Vivendi Universal wanted Irrational Games to make “Swat 5,” yet they were pretty unexcited about making another sequel. Art Director Nate Wells talked about the development, “We were bored so we basically treated the art like as though we were making survival horror, that was a straight up tactical shooter.” Creative Director Ken Levine really enjoyed the way the game was taking shape and they ended making a prototype, Levine stated “ It had elements of fear visually and audibly that we didn’t have before.” Here’s some details about the game, called “Division 9.”

Lead Artist Shawn Robertson on designing. “I wrote up design pitch that I called Infection, but it was like a super design nerdy rpg.”

Art Director Nate Wells on the gameplay. “It had a lot of base building. You would be working from a base and going out into the zombie area and meet people and bring them back. They would be engineers and develop weapons for you. It was very old school, it was almost “X-com” in a way.

Lead Artist Shawn Robertson on scenarios. “If you wanted a machine gun, you would have to rescue a guy that had a machine gun, and you had to figure out where he lived…And we had this idea of zombie scent. Where you could rub dead zombies all over you, which would give you the ability to walk amongst the zombies as long as you didn’t use a weapon for scouting out areas. Strategic goals were if you got the power plant running in the city, then you could go out at night because all the lights were on. It just snowballed into this huge epic undertaking.”

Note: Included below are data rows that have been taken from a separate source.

lemma meets_orbit_funpow: "meets_orbit \<phi> \<theta> ((\<phi> ^^ n) \<alpha>) \<longleftrightarrow> meets_orbit \<phi> \<theta> \<alpha>"
proof
  assume "meets_orbit \<phi> \<theta> ((\<phi> ^^ n) \<alpha>)"
  then obtain k m where "(\<phi> ^^ (k + n)) \<alpha> = (\<phi> ^^ m) \<theta>"
    unfolding meets_orbit_def by (auto simp: funpow_add_apply)
  then show "meets_orbit \<phi> \<theta> \<alpha>" unfolding meets_orbit_def by blast
next
  assume "meets_orbit \<phi> \<theta> \<alpha>"
  then obtain k m where "(\<phi> ^^ k) \<alpha> = (\<phi> ^^ m) \<theta>" unfolding meets_orbit_def by blast
  then have "(\<phi> ^^ k) ((\<phi> ^^ n) \<alpha>) = (\<phi> ^^ (n + m)) \<theta>"
    by (metis funpow_add_apply add.commute)
  then show "meets_orbit \<phi> \<theta> ((\<phi> ^^ n) \<alpha>)" unfolding meets_orbit_def by blast
qed

lemma orbit_level_funpow:
  fixes \<phi> :: "'b \<Rightarrow> 'b"
  assumes inj: "inj (\<lambda>n. (\<phi> ^^ n) \<theta>)" and "meets_orbit \<phi> \<theta> \<alpha>"
  shows "orbit_level \<phi> \<theta> ((\<phi> ^^ n) \<alpha>) = orbit_level \<phi> \<theta> \<alpha> + int n"
proof -
  obtain k m where km: "(\<phi> ^^ k) \<alpha> = (\<phi> ^^ m) \<theta>"
    using assms(2) unfolding meets_orbit_def by blast
  then have "(\<phi> ^^ k) ((\<phi> ^^ n) \<alpha>) = (\<phi> ^^ (n + m)) \<theta>"
    by (metis funpow_add_apply add.commute)
  then show ?thesis using orbit_level_eq[OF inj] km by simp
qed

lemma embed_seq_in_topspace:
  assumes "a \<in> X" "range s \<subseteq> X"
  shows "embed_seq G \<phi> \<theta> a s \<in> topspace (prod_space X G)"
  using assms by (auto simp: topspace_prod_space embed_seq_def image_subset_iff)

lemma embed_seq_orbit:
  fixes \<phi> :: "'b \<Rightarrow> 'b"
  assumes "inj (\<lambda>n. (\<phi> ^^ n) \<theta>)" "(\<phi> ^^ p) \<theta> \<in> G"
  shows "embed_seq G \<phi> \<theta> a s ((\<phi> ^^ p) \<theta>) = s (int p)"
proof -
  have "meets_orbit \<phi> \<theta> ((\<phi> ^^ p) \<theta>)"
    unfolding meets_orbit_def by (metis funpow_0)
  moreover have "orbit_level \<phi> \<theta> ((\<phi> ^^ p) \<theta>) = int p"
    using orbit_level_eq[OF assms(1), of 0] by simp
  ultimately show ?thesis using assms(2) by (simp add: embed_seq_def)
qed

lemma gen_shift_funpow_embed_seq:
  fixes \<phi> :: "'b \<Rightarrow> 'b"
  assumes \<phi>: "\<phi> \<in> G \<rightarrow> G" and inj: "inj (\<lambda>n. (\<phi> ^^ n) \<theta>)"
  shows "(gen_shift G \<phi> ^^ n) (embed_seq G \<phi> \<theta> a s) = embed_seq G \<phi> \<theta> a (\<lambda>z. s (z + int n))"
proof (rule extensionalityI)
  show "(gen_shift G \<phi> ^^ n) (embed_seq G \<phi> \<theta> a s) \<in> extensional G"
    by (intro gen_shift_funpow_extensional) (simp add: embed_seq_def)
  show "embed_seq G \<phi> \<theta> a (\<lambda>z. s (z + int n)) \<in> extensional G"
    by (simp add: embed_seq_def)
  fix \<alpha> assume "\<alpha> \<in> G"
  then show "(gen_shift G \<phi> ^^ n) (embed_seq G \<phi> \<theta> a s) \<alpha> = embed_seq G \<phi> \<theta> a (\<lambda>z. s (z + int n)) \<alpha>"
    using funpow_in_funcset[OF \<phi> \<open>\<alpha> \<in> G\<close>, of n]
    by (simp add: gen_shift_funpow[OF \<phi>] embed_seq_def meets_orbit_funpow
        orbit_level_funpow[OF inj])
qed

definition recurs_in :: "(int \<Rightarrow> 'a) \<Rightarrow> (int \<Rightarrow> 'a) \<Rightarrow> bool" where
  "recurs_in t s \<longleftrightarrow> (\<forall>j N. \<exists>n\<ge>N. \<forall>z. \<bar>z\<bar> \<le> int j \<longrightarrow> s (z + int n) = t z)"

lemma recurs_in_comp: "recurs_in t s \<Longrightarrow> recurs_in (f \<circ> t) (f \<circ> s)"
  unfolding recurs_in_def by (metis comp_apply)

lemma embed_seq_in_omega_limit:
  fixes \<phi> :: "'b \<Rightarrow> 'b"
  assumes "countable G" and \<phi>: "\<phi> \<in> G \<rightarrow> G" and inj: "inj (\<lambda>n. (\<phi> ^^ n) \<theta>)"
    and X: "a \<in> X" "range s \<subseteq> X" "range t \<subseteq> X" and "recurs_in t s"
  shows "embed_seq G \<phi> \<theta> a t \<in> omega_limit (prod_space X G) (gen_shift G \<phi>) (embed_seq G \<phi> \<theta> a s)"
  unfolding omega_limit_prod_space_iff[OF assms(1) gen_shift_topspace[OF \<phi>]
      embed_seq_in_topspace[OF X(1,2)]]
proof (intro conjI allI impI embed_seq_in_topspace[OF X(1,3)])
  fix F N assume "finite F" "F \<subseteq> G"
  define j where "j = (\<Sum>\<alpha>\<in>F. nat \<bar>orbit_level \<phi> \<theta> \<alpha>\<bar>)"
  obtain n where n: "n \<ge> N" "\<forall>z. \<bar>z\<bar> \<le> int j \<longrightarrow> s (z + int n) = t z"
    using \<open>recurs_in t s\<close> unfolding recurs_in_def by blast
  have "\<bar>orbit_level \<phi> \<theta> \<alpha>\<bar> \<le> int j" if "\<alpha> \<in> F" for \<alpha>
  proof -
    have "nat \<bar>orbit_level \<phi> \<theta> \<alpha>\<bar> \<le> j"
      unfolding j_def using \<open>finite F\<close> that by (intro member_le_sum) auto
    then show ?thesis by linarith
  qed
  then have "\<forall>\<alpha>\<in>F. embed_seq G \<phi> \<theta> a (\<lambda>z. s (z + int n)) \<alpha> = embed_seq G \<phi> \<theta> a t \<alpha>"
    using n(2) by (simp add: embed_seq_def)
  then show "\<exists>n\<ge>N. \<forall>\<alpha>\<in>F. (gen_shift G \<phi> ^^ n) (embed_seq G \<phi> \<theta> a s) \<alpha> = embed_seq G \<phi> \<theta> a t \<alpha>"
    using n(1) by (auto simp: gen_shift_funpow_embed_seq[OF \<phi> inj])
qed

lemma omega_limit_embed_seqD:
  fixes \<phi> :: "'b \<Rightarrow> 'b"
  assumes "countable G" and \<phi>: "\<phi> \<in> G \<rightarrow> G" and "\<theta> \<in> G" and inj: "inj (\<lambda>n. (\<phi> ^^ n) \<theta>)"
    and X: "a \<in> X" "range s \<subseteq> X"
    and "embed_seq G \<phi> \<theta> a t \<in> omega_limit (prod_space X G) (gen_shift G \<phi>) (embed_seq G \<phi> \<theta> a s)"
  shows "\<exists>n\<ge>N. \<forall>p<L. s (int p + int n) = t (int p)"
proof -
  let ?F = "(\<lambda>p. (\<phi> ^^ p) \<theta>) ` {..<L}"
  have orbit: "(\<phi> ^^ p) \<theta> \<in> G" for p using funpow_in_funcset[OF \<phi> \<open>\<theta> \<in> G\<close>] .
  then have "finite ?F" "?F \<subseteq> G" by auto
  then obtain n where "n \<ge> N"
    and "\<forall>\<alpha>\<in>?F. (gen_shift G \<phi> ^^ n) (embed_seq G \<phi> \<theta> a s) \<alpha> = embed_seq G \<phi> \<theta> a t \<alpha>"
    using assms(7) omega_limit_prod_space_iff[OF assms(1) gen_shift_topspace[OF \<phi>]
        embed_seq_in_topspace[OF X]] by blast
  then show ?thesis
    by (auto simp: gen_shift_funpow_embed_seq[OF \<phi> inj] embed_seq_orbit[OF inj orbit])
qed

lemma periodic_embed_seqD:
  fixes \<phi> :: "'b \<Rightarrow> 'b"
  assumes \<phi>: "\<phi> \<in> G \<rightarrow> G" and "\<theta> \<in> G" and inj: "inj (\<lambda>n. (\<phi> ^^ n) \<theta>)"
    and "embed_seq G \<phi> \<theta> a t \<in> periodic_points (prod_space X G) (gen_shift G \<phi>)"
  shows "\<exists>P>0. \<forall>p. t (int p + int P) = t (int p)"
proof -
  obtain P where "P > 0" and "(gen_shift G \<phi> ^^ P) (embed_seq G \<phi> \<theta> a t) = embed_seq G \<phi> \<theta> a t"
    using assms(4) unfolding periodic_points_def by blast
  then have "embed_seq G \<phi> \<theta> a (\<lambda>z. t (z + int P)) ((\<phi> ^^ p) \<theta>) = embed_seq G \<phi> \<theta> a t ((\<phi> ^^ p) \<theta>)"
    for p by (simp add: gen_shift_funpow_embed_seq[OF \<phi> inj])
  then show ?thesis
    using \<open>P > 0\<close> funpow_in_funcset[OF \<phi> \<open>\<theta> \<in> G\<close>] by (auto simp: embed_seq_orbit[OF inj])
qed

section \<open>A catalogue of block patterns\<close>

text \<open>On the positive integers, \<open>block_pattern i d\<close> consists of consecutive blocks of
  \<open>i + 1\<close> Trues, each followed by a single False, where block number \<open>q\<close> is filled in iff
  \<open>d q\<close>; it is False on the non-positive integers.\<close>

definition block_pattern :: "nat \<Rightarrow> (nat \<Rightarrow> bool) \<Rightarrow> int \<Rightarrow> bool" where
  "block_pattern i d z \<longleftrightarrow>
     z \<ge> 1 \<and> d (nat (z - 1) div (i + 2)) \<and> nat (z - 1) mod (i + 2) < i + 1"

lemma mult_add_div_mod: "r < c \<Longrightarrow> (q * c + r) div c = q \<and> (q * c + r) mod c = r"
  for q r c :: nat
  by simp

lemma block_pattern_in_block:
  assumes "p < i + 2"
  shows "block_pattern i d (1 + int (q * (i + 2)) + int p) \<longleftrightarrow> d q \<and> p < i + 1"
proof -
  have pos: "nat (1 + int (q * (i + 2)) + int p - 1) = q * (i + 2) + p" by linarith
  note div_mod = mult_add_div_mod[OF assms, of q]
  show ?thesis by (simp only: block_pattern_def pos div_mod) simp
qed

lemma block_pattern_block_start: "block_pattern i d (1 + int (q * (i + 2))) = d q"
  using block_pattern_in_block[of 0 i d q] by simp

lemma block_pattern_first_block:
  assumes "d 0"
  shows "\<not> block_pattern i d 0"
    and "1 \<le> p \<Longrightarrow> p \<le> i + 1 \<Longrightarrow> block_pattern i d (int p)"
    and "\<not> block_pattern i d (int i + 2)"
proof -
  show "\<not> block_pattern i d 0" by (simp add: block_pattern_def)
  show "block_pattern i d (int p)" if "1 \<le> p" "p \<le> i + 1"
    using block_pattern_in_block[of "p - 1" i d 0] assms that by (simp add: of_nat_diff)
  show "\<not> block_pattern i d (int i + 2)"
    using block_pattern_in_block[of "i + 1" i d 0] by (simp add: add.commute)
qed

Lead Designer Bill Gardner on the ending. “I remember I wanted it to be like the last level where you’re basically walking down the street and you shoot past a zombie and a window goes out and you look in and it’s actually a lab and the whole city was a just test bed to see if people could live and survive a zombie attack and therefore they could use this weapon to turn people into zombies.”

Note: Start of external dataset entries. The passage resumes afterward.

(* Let $u,v\in\Sigma_n$ satisfy $\ell(uv)=\ell(u)+\ell(v)$. Let $T_u$ be a BSL of $D(u)$ all of whose labels are marked, and let $T_v$ be a BSL of $D(v)$ all of whose labels are unmarked. Then $T=T_u v+uT_v$ is a BSL of $D(uv)$. Conversely, for every $w\in\Sigma_n$, every BSL $T$ of $D(w)$ arises in this way from a unique triple $(u,v)$ with $uv=w$, $\ell(w)=\ell(u)+\ell(v)$, together with a unique BSL $T_u$ of $D(u)$ using only marked letters and a unique BSL $T_v$ of $D(v)$ using only unmarked letters.
   Context: Permutations in $\Sigma_n$ are multiplied as functions; $s_i$ is the transposition of $i$ and $i+1$; $\ell(w)=\#\{i<j: w(i)>w(j)\}$ is the length. The diagram of $w$ is $D(w)=\{(i,w(j)) : i<j,\ w(i)>w(j)\}$, a set of boxes $(i,j)$ with $i$ the row index (top to bottom) and $j$ the column index (left to right). Fix the totally ordered alphabet $\cdots<3'<2'<1'<1<2<3<\cdots$; letters $i'$ are marked, letters $i$ unmarked. A labeling of $D(w)$ is a map from $D(w)$ to the alphabet. The hook of a box $b=(i,j)\in D(w)$ consists of $b$, the boxes of $D(w)$ in column $j$ below $b$, and the boxes of $D(w)$ in row $i$ to the right of $b$. A hook is balanced (for a labeling $T$) if, when its entries are rearranged so that they weakly increase along the path starting at the rightmost box of the row part, going left to the corner $b$, and then down the column part, the entry in the corner $b$ is unchanged. A balanced super labeling (BSL) of $D(w)$ is a labeling $T$ such that every hook is balanced, no unmarked letter occurs twice in any column, no marked letter occurs twice in any row, and $j'\le T(i,j)\le i$ for every box $(i,j)\in D(w)$. The empty diagram has exactly one labeling. A labeling of $D(w)$ is regarded as an $n\times n$ array which is $0$ outside $D(w)$, with the conventions $0+a=a+0=a$ for any letter $a$ and $1'<0<1$. For an $n\times n$ array $A$ and $w\in\Sigma_n$ define $(wA)_{i,j}=A_{i,w(j)}$ and $(Aw)_{i,j}=A_{w^{-1}(i),j}$. *)

theory Defs
  imports Main "HOL-Combinatorics.Permutations" "HOL-Library.Multiset"
begin
lemma bdigit_add_Suc:
  "bdigit (a + c) (Suc k) \<longleftrightarrow>
     (bdigit a (Suc k) \<longleftrightarrow> (bdigit c (Suc k) \<longleftrightarrow> carry a c (Suc k)))" (is ?digit)
  "carry a c k \<longleftrightarrow>
     bdigit a (Suc k) \<and> bdigit c (Suc k) \<or>
     (bdigit a (Suc k) \<or> bdigit c (Suc k)) \<and> carry a c (Suc k)" (is ?carry)
proof -
  have "(of_bool (bdigit (a + c) (Suc k)) :: int) + 2 * of_bool (carry a c k)
          = of_bool (bdigit a (Suc k)) + of_bool (bdigit c (Suc k)) + of_bool (carry a c (Suc k))"
    unfolding of_bool_bdigit_Suc of_bool_carry by simp
  then show ?digit ?carry
    unfolding full_adder_iff by simp_all
qed

lemma bdigit_one: "bdigit 1 k \<longleftrightarrow> k = 0"
proof -
  have "\<lfloor>(1::real) * 2 ^ k\<rfloor> = 2 ^ k"
    by (metis floor_of_int mult_1 of_int_numeral of_int_power)
  then show ?thesis by (cases k) (simp_all add: bdigit_def)
qed

definition cylinder_or_empty :: "nat \<Rightarrow> ((nat \<Rightarrow> 'a) \<Rightarrow> bool) \<Rightarrow> bool" where
  "cylinder_or_empty l E \<longleftrightarrow> (\<forall>x y. E x \<longrightarrow> E y = (\<forall>i<l. x i = y i))"

lemma cylinder_or_empty_conj_const:
  "cylinder_or_empty l E \<Longrightarrow> cylinder_or_empty l (\<lambda>x. E x \<and> P)"
  unfolding cylinder_or_empty_def by blast

lemma cylinder_or_empty_disj:
  assumes "cylinder_or_empty l E" "(\<exists>x. E x) \<longleftrightarrow> P"
    and "cylinder_or_empty l F" "(\<exists>x. F x) \<longleftrightarrow> Q"
    and "\<not> (P \<and> Q)"
  shows "cylinder_or_empty l (\<lambda>x. E x \<or> F x) \<and> ((\<exists>x. E x \<or> F x) \<longleftrightarrow> P \<or> Q)"
  using assms unfolding cylinder_or_empty_def by blast
(* Let $p\geq 3$ be a prime, $u\in\{1,\ldots,p-1\}$ and $s\geq 2$ an integer. For an integer $n\geq p^{s+1}$ with base-$p$ expansion $n=\sum_{i=0}^{v}\varepsilon_i p^{i}$ ($\varepsilon_i\in\{0,\ldots,p-1\}$), let $t(n)>s$ be the least index $t>s$ with $\varepsilon_t\neq 0$. Then among those $n\geq p^{s+1}$ with $\nu_{p}\big(A_{p,(p-1)(up^s-1)}(n)\big)\in\{1,2\}$, the value $\nu_{p}\big(A_{p,(p-1)(up^s-1)}(n)\big)$ depends only on the digit $\varepsilon_s$ and the digit $\varepsilon_{t(n)}$; that is, if $n,n'\geq p^{s+1}$ both have valuation in $\{1,2\}$, the same digit in position $s$, and the same first nonzero digit in a position greater than $s$, then $\nu_{p}\big(A_{p,(p-1)(up^s-1)}(n)\big)=\nu_{p}\big(A_{p,(p-1)(up^s-1)}(n')\big)$.
   Context: For an integer $m\geq 2$ and a positive integer $k$, the integers $A_{m,k}(n)$, $n\in\mathbb{N}=\{0,1,2,\ldots\}$, are defined by the formal power series identity $\prod_{i=0}^{\infty}\big(1-x^{m^{i}}\big)^{-k}=\sum_{n=0}^{\infty}A_{m,k}(n)x^{n}$. For a prime $p$, $\nu_p(n)$ denotes the $p$-adic valuation of the integer $n$, with $\nu_p(0)=+\infty$. *)

theory Defs
  imports "HOL-Computational_Algebra.Computational_Algebra"
begin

Creative Designer Ken Levine on the game mechanic. “The question was, what sort of game mechanic was it going to be. I remember thinking about “Robotron,” a game you clearly couldn’t win, but it was a trade off of of doing strategic things, like do I stop and nail the door shut, do I stop and heal my friend who is with me or do I move forward because the monsters would never stop, it was about holding back the horde versus trying to gain strategic advantage. Tactical versus strategic.”

Art Director Nate Wells on emotional game play. “The coolest thing was that if your teamate got infected and you didn’t get to him in time with your antidote, he would change right in front of you, and it would be a unique zombie, and the whole thing was wereally wanted to pull your heart strings..”

Creative Designer Ken Levine on why make Division 9. “What we were frustrated by was, we loved “Resident Evil,” but it didn’t really capture the apocalyptic nature of the “Dawn of the Dead” movies. “Dawn of the dead,” they were barricading themselves and there was a whole “We need to get food, we need to get all these things,” that weren’t in those games that we wanted that survival nature.”

Creative Designer Ken Levine on selling the game. “Actually a publisher did bite, Vivendi wasn’t interested at first, but we actually sold it them…We were just about to sell the company at the same time (to Take 2,) and obviously we couldn’t do both. The only game we ever sold and never did”

To check out more great insightful stuff (including a bunch of deleted characters in Bioshock) check out their podcast. Would you have wanted to play Division 9?

UPDATE: Apparently Game Informer has a trailer up for Division 9 and a little more insight, check out their story and the trailer HERE.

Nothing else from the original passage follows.